More ridiculous is U.S. Congressman Frank R. Wolf. On August 9-13, 1997, he made a private visit to Tibet. After returning to the United States, he told his colleagues in the House of Representatives and the media that the Chinese Government was demolishing Tibetan culture by repairing the Potala Palace and providing new houses free of charge to Tibetans who had their dilapidated old Tibetan-style houses pulled down. Does preserving Tibetan culture mean you have to let people continue to live in dangerous houses?

In the March 14 riots this year, "Tibet independence" supporters attacked shops, houses, schools and banks and killed 17 Han people (including an eight-month-old baby) and one Tibetan girl. Despite this, the Dalai Lama still claimed that they were having a "peaceful protest." When the Chinese Government apprehended the mobs so as to protect the personal safety of local people, the Dalai Lama called the action "violently oppressing a peaceful protest" and "seriously violating Tibetans' human rights."

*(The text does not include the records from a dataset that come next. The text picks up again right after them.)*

(* Let $\mathcal{F} \subseteq \{0,1\}^n$ be a feasible set, let $c \in \mathbb{Z}^n$, and let $\ell \in \mathbb{Z}_+$. Let $c' \in \mathbb{Z}^n$ be the $\ell$-bit rounding of $c$, and let $x^\star \in \mathcal{F}$ be an optimal solution of $\max\{(c')^\top x : x \in \mathcal{F}\}$. Then $x^\star$ is $\frac{1}{2^{\ell-1}}$-optimal with respect to the original objective $c$ for the problem $\max\{c^\top x : x \in \mathcal{F}\}$.
   Context: Consider the binary program $\max\{c^\top x : x \in \mathcal{F}\}$ with $\mathcal{F} \subseteq \{0,1\}^n$ and $c = (c_1,\dots,c_n)^\top \in \mathbb{Z}^n$. For each $i \in [n] = \{1,\dots,n\}$, write $c_i = \mathrm{sgn}(c_i) \sum_{j=0}^{k_i-1} c_{ij} 2^j$, where $\mathrm{sgn}(c_i) \in \{0,\pm 1\}$ is the sign of $c_i$, $k_i = \lceil \log_2(|c_i|+1) \rceil$, and $c_{ij} \in \{0,1\}$ are the binary digits of $|c_i|$. For $\ell \in \mathbb{Z}_+$, the $\ell$-bit rounding of $c_i$ is $c'_i = \mathrm{sgn}(c_i) \sum_{j = k_i-\ell}^{k_i-1} c_{ij} 2^j$, i.e., the lowest $k_i - \ell$ bits of $|c_i|$ are set to zero and the top $\ell$ bits are kept (the sum starts at $j = \max(0, k_i-\ell)$; if $\ell \ge k_i$, then $c'_i = c_i$). The $\ell$-bit rounding of $c$ is $c' = (c'_1,\dots,c'_n)^\top$. For $\varepsilon \ge 0$, a feasible point $x^\star \in \mathcal{F}$ is called $\varepsilon$-optimal for the objective function $c$ if there exists $\tilde c \in \mathbb{R}^n$ such that, for all $j \in [n]$, $(1-\varepsilon)c_j \le \tilde c_j \le (1+\varepsilon)c_j$ if $c_j \ge 0$, and $(1+\varepsilon)c_j \le \tilde c_j \le (1-\varepsilon)c_j$ if $c_j < 0$, and $x^\star$ is an optimal solution of $\max\{\tilde c^\top x : x \in \mathcal{F}\}$. *)

theory Defs
  imports Complex_Main
begin

text \<open>Vectors in Z^n / {0,1}^n are represented as functions nat => int; only the
  coordinates i < n matter.\<close>

definition binary_set :: "nat \<Rightarrow> (nat \<Rightarrow> int) set" where
  "binary_set n = {x. (\<forall>i<n. x i \<in> {0,1}) \<and> (\<forall>i\<ge>n. x i = 0)}"

definition bitlen :: "int \<Rightarrow> nat" where
  "bitlen c = nat \<lceil>log 2 (real_of_int \<bar>c\<bar> + 1)\<rceil>"

definition bitdigit :: "int \<Rightarrow> nat \<Rightarrow> int" where
  "bitdigit c j = (\<bar>c\<bar> div 2 ^ j) mod 2"

text \<open>l-bit rounding of c: sgn(c) * sum_{j = max(0,k-l)}^{k-1} c_j 2^j
  (nat subtraction k - l realises max(0, k-l)).\<close>
definition bit_round :: "nat \<Rightarrow> int \<Rightarrow> int" where
  "bit_round l c = sgn c * (\<Sum>j\<in>{bitlen c - l..<bitlen c}. bitdigit c j * 2 ^ j)"

definition bit_round_vec :: "nat \<Rightarrow> (nat \<Rightarrow> int) \<Rightarrow> (nat \<Rightarrow> int)" where
  "bit_round_vec l c = (\<lambda>i. bit_round l (c i))"

definition optimal_sol :: "nat \<Rightarrow> (nat \<Rightarrow> int) set \<Rightarrow> (nat \<Rightarrow> real) \<Rightarrow> (nat \<Rightarrow> int) \<Rightarrow> bool" where
  "optimal_sol n F w xs \<longleftrightarrow> xs \<in> F \<and>
     (\<forall>x\<in>F. (\<Sum>j<n. w j * real_of_int (x j)) \<le> (\<Sum>j<n. w j * real_of_int (xs j)))"

definition eps_optimal :: "nat \<Rightarrow> (nat \<Rightarrow> int) set \<Rightarrow> (nat \<Rightarrow> int) \<Rightarrow> real \<Rightarrow> (nat \<Rightarrow> int) \<Rightarrow> bool" where
  "eps_optimal n F c \<epsilon> xs \<longleftrightarrow> xs \<in> F \<and>
     (\<exists>ct :: nat \<Rightarrow> real.
        (\<forall>j<n. (c j \<ge> 0 \<longrightarrow> (1 - \<epsilon>) * c j \<le> ct j \<and> ct j \<le> (1 + \<epsilon>) * c j) \<and>
               (c j < 0 \<longrightarrow> (1 + \<epsilon>) * c j \<le> ct j \<and> ct j \<le> (1 - \<epsilon>) * c j))
        \<and> optimal_sol n F ct xs)"

end

theory Submission
  imports Defs
begin

text \<open>The rounded objective c' itself witnesses \<open>\<epsilon>\<close>-optimality. If \<open>|c\<^sub>i|\<close> has
  \<open>k\<close> bits, rounding clears the lowest \<open>k - l\<close> of them, so it changes \<open>|c\<^sub>i|\<close> by less
  than \<open>2^(k-l) = 2^(k-1) / 2^(l-1) \<le> |c\<^sub>i| / 2^(l-1)\<close> and never changes the sign;
  hence c' lies in the \<open>\<epsilon>\<close>-box around c, and x* is optimal for c' by assumption.
  The argument does not use that the feasible set is binary.\<close>

lemma sum_binary_digits_eq_mod:
  fixes a :: int
  assumes "0 \<le> a"
  shows "(\<Sum>j<k. (a div 2 ^ j) mod 2 * 2 ^ j) = a mod 2 ^ k"
proof (induction k)
  case 0
  then show ?case by simp
next
  case (Suc k)
  have "a mod (2 ^ k * 2) = 2 ^ k * (a div 2 ^ k mod 2) + a mod 2 ^ k"
    using mod_mult2_eq'[of a "2 ^ k" 2] by simp
  with Suc show ?case by (simp add: mult.commute)
qed

lemma bitlen_bounds:
  assumes "c \<noteq> 0"
  shows "1 \<le> bitlen c" "2 ^ (bitlen c - 1) \<le> \<bar>c\<bar>" "\<bar>c\<bar> < 2 ^ bitlen c"
proof -
  define L where "L = log 2 (real_of_int \<bar>c\<bar> + 1)"
  have abs_ge_1: "1 \<le> \<bar>c\<bar>" using assms by simp
  have power_L: "real_of_int \<bar>c\<bar> + 1 = 2 powr L"
    unfolding L_def using abs_ge_1 by simp
  have "0 < L" using abs_ge_1 unfolding L_def by simp
  then have ceiling_pos: "1 \<le> \<lceil>L\<rceil>" by (simp add: le_ceiling_iff)
  then have real_bitlen: "real (bitlen c) = of_int \<lceil>L\<rceil>"
    unfolding bitlen_def L_def by simp
  show bitlen_pos: "1 \<le> bitlen c" using ceiling_pos real_bitlen by linarith
  have "real_of_int \<bar>c\<bar> + 1 \<le> 2 powr real (bitlen c)"
    unfolding power_L real_bitlen by (simp add: le_of_int_ceiling)
  then have "real_of_int (\<bar>c\<bar> + 1) \<le> real_of_int (2 ^ bitlen c)"
    by (simp add: powr_realpow)
  then show "\<bar>c\<bar> < 2 ^ bitlen c" by linarith
  have "real (bitlen c - 1) < L"
    using bitlen_pos real_bitlen ceiling_correct[of L] by (simp add: of_nat_diff)
  then have "2 powr real (bitlen c - 1) < real_of_int \<bar>c\<bar> + 1"
    unfolding power_L by simp
  then have "real_of_int (2 ^ (bitlen c - 1)) < real_of_int (\<bar>c\<bar> + 1)"
    by (simp add: powr_realpow)
  then show "2 ^ (bitlen c - 1) \<le> \<bar>c\<bar>" by linarith
qed

lemma bit_round_eq_truncation:
  "bit_round l c = sgn c * (\<bar>c\<bar> - \<bar>c\<bar> mod 2 ^ (bitlen c - l))"
proof (cases "c = 0")
  case True
  then show ?thesis by (simp add: bit_round_def)
next
  case False
  let ?k = "bitlen c" and ?digit = "\<lambda>j. bitdigit c j * 2 ^ j"
  have "sum ?digit {0..<?k - l} + sum ?digit {?k - l..<?k} = sum ?digit {0..<?k}"
    by (rule sum.atLeastLessThan_concat) auto
  moreover have "sum ?digit {0..<?k} = \<bar>c\<bar>"
    using sum_binary_digits_eq_mod[of "\<bar>c\<bar>" ?k] bitlen_bounds(3)[OF False]
    by (simp add: bitdigit_def atLeast0LessThan)
  moreover have "sum ?digit {0..<?k - l} = \<bar>c\<bar> mod 2 ^ (?k - l)"
    using sum_binary_digits_eq_mod[of "\<bar>c\<bar>" "?k - l"]
    by (simp add: bitdigit_def atLeast0LessThan)
  ultimately show ?thesis unfolding bit_round_def by simp
qed

lemma abs_diff_bit_round: "\<bar>c - bit_round l c\<bar> = \<bar>c\<bar> mod 2 ^ (bitlen c - l)"
proof -
  have "c - bit_round l c = sgn c * (\<bar>c\<bar> mod 2 ^ (bitlen c - l))"
    unfolding bit_round_eq_truncation by (simp add: right_diff_distrib sgn_mult_abs)
  then show ?thesis by (cases "c = 0") (simp_all add: abs_mult)
qed

lemma bit_round_error_scaled:
  assumes "1 \<le> l"
  shows "\<bar>c - bit_round l c\<bar> * 2 ^ (l - 1) \<le> \<bar>c\<bar>"
proof (cases "c \<noteq> 0 \<and> l \<le> bitlen c")
  case True
  have "\<bar>c - bit_round l c\<bar> * 2 ^ (l - 1) < 2 ^ (bitlen c - l) * 2 ^ (l - 1)"
    unfolding abs_diff_bit_round by (simp add: mult_strict_right_mono)
  also have "\<dots> = 2 ^ (bitlen c - 1)"
    using True assms by (simp flip: power_add)
  also have "\<dots> \<le> \<bar>c\<bar>"
    using True bitlen_bounds(2) by blast
  finally show ?thesis by simp
next
  case False
  then have "c - bit_round l c = 0"
    using abs_diff_bit_round[of c l] by (auto simp: bit_round_def)
  then show ?thesis by simp
qed

lemma bit_round_relative_error:
  "\<bar>real_of_int c - real_of_int (bit_round l c)\<bar>
     \<le> 1 / 2 powr (real l - 1) * \<bar>real_of_int c\<bar>"
proof (cases "l = 0")
  case True
  \<comment> \<open>the tolerance is then \<open>1 / 2 powr -1 = 2\<close>, so a trivial bound suffices\<close>
  have "\<bar>c - bit_round l c\<bar> \<le> \<bar>c\<bar>"
    unfolding abs_diff_bit_round by (simp add: zmod_le_nonneg_dividend)
  then have "\<bar>real_of_int c - real_of_int (bit_round l c)\<bar> \<le> \<bar>real_of_int c\<bar>"
    by (simp flip: of_int_diff of_int_abs)
  with True show ?thesis by (simp add: powr_minus_divide)
next
  case False
  have "real_of_int (\<bar>c - bit_round l c\<bar> * 2 ^ (l - 1)) \<le> real_of_int \<bar>c\<bar>"
    using bit_round_error_scaled[of l c] False by (simp only: of_int_le_iff not_less less_one)
  then have "\<bar>real_of_int c - real_of_int (bit_round l c)\<bar> * 2 ^ (l - 1) \<le> \<bar>real_of_int c\<bar>"
    by simp
  moreover have "2 powr (real l - 1) = 2 ^ (l - 1)"
    using False by (simp add: of_nat_diff flip: powr_realpow)
  ultimately show ?thesis by (simp add: field_simps)
qed

lemma relative_error_imp_sign_bounds:
  fixes x y e :: real
  assumes "\<bar>x - y\<bar> \<le> e * \<bar>x\<bar>"
  shows "(0 \<le> x \<longrightarrow> (1 - e) * x \<le> y \<and> y \<le> (1 + e) * x) \<and>
         (x < 0 \<longrightarrow> (1 + e) * x \<le> y \<and> y \<le> (1 - e) * x)"
  using assms by (cases "0 \<le> x") (auto simp: algebra_simps abs_le_iff)

theorem lemma1:
  fixes n l :: nat and F :: "(nat \<Rightarrow> int) set" and c xs :: "nat \<Rightarrow> int"
  assumes "F \<subseteq> binary_set n"
    and "optimal_sol n F (\<lambda>j. real_of_int (bit_round_vec l c j)) xs"
  shows "eps_optimal n F c (1 / 2 powr (real l - 1)) xs"
proof -
  define \<epsilon> where "\<epsilon> = 1 / 2 powr (real l - 1)"
  define ct where "ct = (\<lambda>j. real_of_int (bit_round_vec l c j))"
  have "xs \<in> F" using assms(2) unfolding optimal_sol_def by blast
  moreover have "optimal_sol n F ct xs" using assms(2) unfolding ct_def .
  moreover have "(0 \<le> c j \<longrightarrow> (1 - \<epsilon>) * c j \<le> ct j \<and> ct j \<le> (1 + \<epsilon>) * c j) \<and>
      (c j < 0 \<longrightarrow> (1 + \<epsilon>) * c j \<le> ct j \<and> ct j \<le> (1 - \<epsilon>) * c j)" for j
    unfolding \<epsilon>_def ct_def bit_round_vec_def
    using relative_error_imp_sign_bounds[OF bit_round_relative_error[of "c j" l]] by simp
  ultimately show ?thesis
    unfolding eps_optimal_def \<epsilon>_def[symmetric] by blast
qed

end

In the eyes of the Dalai Lama and some Western human rights advocates, to kill and burn to death ordinary Han people, including a baby, is not a violation of human rights. I'd like to know whether it is a violation of Tibetans' human rights when the mob burnt a female Tibetan shopkeeper named Cering Zholgar and pushed a female Tibetan shop owner named Ma'ah Yinshe from a building, causing a lumbar fracture (possibly paralysis)?

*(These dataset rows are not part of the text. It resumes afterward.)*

lemma simulation_phase:
  assumes Th: "otm_time M \<phi> a = enat T" and TK: "T \<le> budget e d sz len_a"
  obtains \<tau> N where "\<tau> \<le> clock_cost e sz len_a d"
    "\<forall>i\<le>\<tau>. \<exists>j\<le>d. lrev i = revision_value e sz len_a j \<and> i \<le> clock_cost e sz len_a j"
    "N \<le> Suc (Suc \<tau>) + 2 * T" "otm_time Mp \<phi> a = enat N" "otm_output Mp \<phi> a = otm_output M \<phi> a"
    "\<And>i. Suc \<tau> \<le> i \<Longrightarrow> lrev i = revision_value e sz len_a (Suc d)"
proof -
  let ?Kd = "budget e d sz len_a"
  let ?w = "\<phi> (replicate ?Kd True)"
  let ?k = "otm_ntapes M"
  obtain \<tau> where t: "\<tau> \<le> clock_cost e sz len_a d"
    "\<forall>i\<le>\<tau>. \<exists>j\<le>d. lrev i = revision_value e sz len_a j \<and> i \<le> clock_cost e sz len_a j"
    and o1: "lrev (Suc \<tau>) = revision_value e sz len_a (Suc d)" and nh1: "\<not> otm_halted Mp \<phi> a (Suc \<tau>)"
    and start: "otm_run Mp \<phi> a (Suc (Suc \<tau>)) = sim_cfg M (sim_state M (fst (otm_run M \<phi> a 0)) 1)
      (snd (otm_run M \<phi> a 0)) (fst (tape_of_string ?w)) 1 (sim_extra ?k ?Kd)"
    by (rule clock_phase)
  note TT = otm_time_enatD[OF Th]
  have ext: "sim_extra ?k ?Kd (?k + 3) = (etape 3, 0)" by (simp add: sim_extra_def)
  have XfL: "length (string_of_cells (fst (tape_of_string ?w))) \<le> sz ?Kd"
    using size_fn_length_monotone[OF lm, of ?Kd] by (simp add: string_of_tape_of_string)
  have LT: "size_fn \<phi> T \<le> sz ?Kd" using size_fn_mono[OF TK] .
  obtain m f X3 where sm: "m \<le> 2 * T" "otm_run Mp \<phi> a (Suc (Suc \<tau>) + m) = sim_cfg M (sim_state M (fst (otm_run M \<phi> a T)) f) (snd (otm_run M \<phi> a T)) X3 f (sim_extra ?k ?Kd)"
    "0 < T \<longrightarrow> fst (otm_run Mp \<phi> a (Suc (Suc \<tau>) + m - 1)) \<noteq> encode_state (7,0,0)"
    "\<forall>n. Suc (Suc \<tau>) \<le> n \<and> n \<le> Suc (Suc \<tau>) + m \<longrightarrow> answer_len Mp \<phi> a n \<le> sz ?Kd"
    using simulation[OF wf start ext TT(2) XfL LT order_refl] by blast
  let ?N = "Suc (Suc \<tau>) + m"
  have hM: "fst (otm_run M \<phi> a T) = otm_halt M" using TT(1) by (simp add: otm_halted_def)
  have hN: "otm_halted Mp \<phi> a ?N" using sm(2) hM by (simp add: otm_halted_def sim_cfg_def sim_state_def clocked_simps)
  have nhN: "?N = 0 \<or> \<not> otm_halted Mp \<phi> a (?N - 1)"
  proof (cases "T = 0")
    case True
    then show ?thesis using sm(1) nh1 by simp
  next
    case False
    then show ?thesis using sm(3) by (simp add: otm_halted_def clocked_simps)
  qed
  note NT = otm_time_first_halt[OF hN nhN]
  have out: "otm_output Mp \<phi> a = otm_output M \<phi> a"
  proof -
    have "otm_output Mp \<phi> a = string_of_cells (fst (snd (otm_run Mp \<phi> a ?N) ! 1))"
      by (simp add: otm_output_def NT(2))
    also have "snd (otm_run Mp \<phi> a ?N) ! 1 = snd (otm_run M \<phi> a T) ! 1"
      using sm(2) k4 by (simp add: sim_cfg_def sim_tape_def del: upt_Suc)
    finally show ?thesis by (simp add: otm_output_def TT(3))
  qed
  have ansb: "answer_len Mp \<phi> a n \<le> sz ?Kd" if "Suc (Suc \<tau>) \<le> n" for n
  proof (cases "n \<le> ?N")
    case True then show ?thesis using sm(4) that by blast
  next
    case False
    then have "otm_run Mp \<phi> a n = otm_run Mp \<phi> a ?N" by (intro otm_run_halted_const[OF hN]) simp
    then show ?thesis using sm(4) by (simp add: answer_len_def)
  qed
  have oc: "lrev (Suc \<tau> + i) = revision_value e sz len_a (Suc d)" for i
  proof (induction i)
    case 0 then show ?case using o1 by simp
  next
    case (Suc i)
    have "answer_len Mp \<phi> a (Suc (Suc \<tau> + i)) \<le> sz ?Kd" by (rule ansb) simp
    then show ?case using Suc by simp
  qed
  have "lrev i = revision_value e sz len_a (Suc d)" if "Suc \<tau> \<le> i" for i
    using oc[of "i - Suc \<tau>"] that by simp
  then show ?thesis using that[OF t _ NT(1) out] sm(1) by simp
qed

The Dalai Lama cooked up countless lies, such as "Tibet has always been an independent country from ancient times" and "China killed 1.2 million Tibetans" as the two main typical examples.

In 1950, the Dalai Lama's regional Tibetan Government appealed to the United Nations to "stop China's invasion" and in that letter, he mentioned Tibet had 3 million people. In 1987, he mentioned that Tibetans had increased to 6 million when making a speech in the U.S. Congress. It is also in that speech he said that the Chinese Government had killed 1.2 million Tibetans. Obviously, in the 37 years under the rule of the Government of the People's Republic of China, the population of Tibetans doubled, and at the same time the whole Chinese population doubled. If the Chinese Government did kill 1.2 million Tibetans, then the Tibetan population grew from 1.8 million to 6 million during this period. That is, under the rule of Chinese Government, the growth of the Tibetan population is twice that of Han population. This is really a miracle from the perspective of both fertility science and human development.

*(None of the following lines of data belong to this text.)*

(* Let $n\ge 2$, let $d$ be a positive even integer, and let $f$ be a form (homogeneous polynomial with real coefficients) of degree $d$ in $n$ variables. The following statements are equivalent: (i) $f$ is nonnegative on $\mathbb{R}^n$ and the function $x\mapsto f(x)^{1/d}$ is a norm on $\mathbb{R}^n$; (ii) $f$ is convex and positive definite, i.e. $f(x)>0$ for all $x\neq 0$; (iii) $f$ is strictly convex, i.e. $f(\lambda x+(1-\lambda)y)<\lambda f(x)+(1-\lambda)f(y)$ for all $x\neq y$ in $\mathbb{R}^n$ and all $\lambda\in(0,1)$.
   Context: A norm on $\mathbb{R}^n$ is a function $g:\mathbb{R}^n\to\mathbb{R}$ with $g(x)>0$ for $x\neq0$, $g(0)=0$, $g(\lambda x)=|\lambda|g(x)$ for all $\lambda\in\mathbb{R}$, $x\in\mathbb{R}^n$, and $g(x+y)\le g(x)+g(y)$ for all $x,y$. *)

theory Defs
  imports "HOL-Analysis.Analysis"
begin

definition exps :: "nat \<Rightarrow> ('n::finite \<Rightarrow> nat) set" where
  "exps d = {\<alpha>. (\<Sum>i\<in>UNIV. \<alpha> i) = d}"

definition is_form :: "nat \<Rightarrow> (real^'n::finite \<Rightarrow> real) \<Rightarrow> bool" where
  "is_form d f \<longleftrightarrow> (\<exists>c :: ('n \<Rightarrow> nat) \<Rightarrow> real.
      f = (\<lambda>x. \<Sum>\<alpha>\<in>exps d. c \<alpha> * (\<Prod>i\<in>UNIV. (x $ i) ^ \<alpha> i)))"

definition is_norm :: "(real^'n::finite \<Rightarrow> real) \<Rightarrow> bool" where
  "is_norm g \<longleftrightarrow> (\<forall>x. x \<noteq> 0 \<longrightarrow> g x > 0) \<and> g 0 = 0 \<and>
     (\<forall>l x. g (l *\<^sub>R x) = \<bar>l\<bar> * g x) \<and> (\<forall>x y. g (x + y) \<le> g x + g y)"

definition strictly_convex :: "(real^'n::finite \<Rightarrow> real) \<Rightarrow> bool" where
  "strictly_convex f \<longleftrightarrow> (\<forall>x y l. x \<noteq> y \<longrightarrow> 0 < l \<longrightarrow> l < 1 \<longrightarrow>
      f (l *\<^sub>R x + (1 - l) *\<^sub>R y) < l * f x + (1 - l) * f y)"

end

theory Submission
  imports Defs "HOL-Computational_Algebra.Polynomial"
begin

text \<open>
  A form f of even degree d satisfies f (t x) = |t|^d f x, so g = f^(1/d) is absolutely
  homogeneous whenever f \<ge> 0. If g is a norm, f = g^d is convex as a nondecreasing convex
  function of a convex one. Conversely, for convex positive definite f the unit ball
  {f \<le> 1} is convex, and g is its Minkowski functional, hence subadditive.
  If strict convexity fails, f touches one of its chords at an interior point and, being
  convex, is affine on a subsegment; restricted to the line through it, f is a polynomial,
  hence affine on the whole line, hence (being nonnegative) constant there, which is
  impossible for the d-th power of a norm. Strict convexity together with
  f (-x) = f x and f 0 = 0 gives positivity by comparing f 0 with f x and f (-x).
\<close>

lemma form_scaleR:
  fixes f :: "real^'n::finite \<Rightarrow> real"
  assumes "is_form d f"
  shows "f (t *\<^sub>R x) = t ^ d * f x"
proof -
  obtain c where f: "f = (\<lambda>x. \<Sum>\<alpha>\<in>exps d. c \<alpha> * (\<Prod>i\<in>UNIV. (x $ i) ^ \<alpha> i))"
    using assms unfolding is_form_def by blast
  have monomial: "(\<Prod>i\<in>UNIV. (t * x $ i) ^ \<alpha> i) = t ^ d * (\<Prod>i\<in>UNIV. (x $ i) ^ \<alpha> i)"
    if "\<alpha> \<in> exps d" for \<alpha> :: "'n \<Rightarrow> nat"
  proof -
    have "(\<Prod>i\<in>UNIV. (t * x $ i) ^ \<alpha> i) = (\<Prod>i\<in>UNIV. t ^ \<alpha> i) * (\<Prod>i\<in>UNIV. (x $ i) ^ \<alpha> i)"
      by (simp add: power_mult_distrib prod.distrib)
    also have "(\<Prod>i\<in>UNIV. t ^ \<alpha> i) = t ^ d"
      using that by (simp add: exps_def flip: power_sum)
    finally show ?thesis .
  qed
  show ?thesis
    unfolding f by (simp add: monomial sum_distrib_left mult.left_commute)
qed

The Dalai Lama's mouthpiece, the World Tibet Network News, had to defend his speech by saying that "the so-called 1.2 million Tibetans killed by China is not in terms of flesh but of culture." This is really a weird argument. If it is true, among the 6 million Tibetans only 1.2 million Tibetans had their culture damaged by the Chinese Government and the other 4.8 million did not. In other words, the Chinese Government has preserved the culture of 80 percent of the Tibetan population. Isn't this praise for the Chinese Government?

U.S. accusations

The U.S. Foreign Relations Act for Fiscal Years 1988 and 1989, while admitting that "Tibet's economy and education, health and human services remain far below those of the People's Republic of China as a whole," accused the Chinese Government of having "encouraged a large influx of Han-Chinese into Tibet, thereby undermining the political and cultural traditions of the Tibetan people."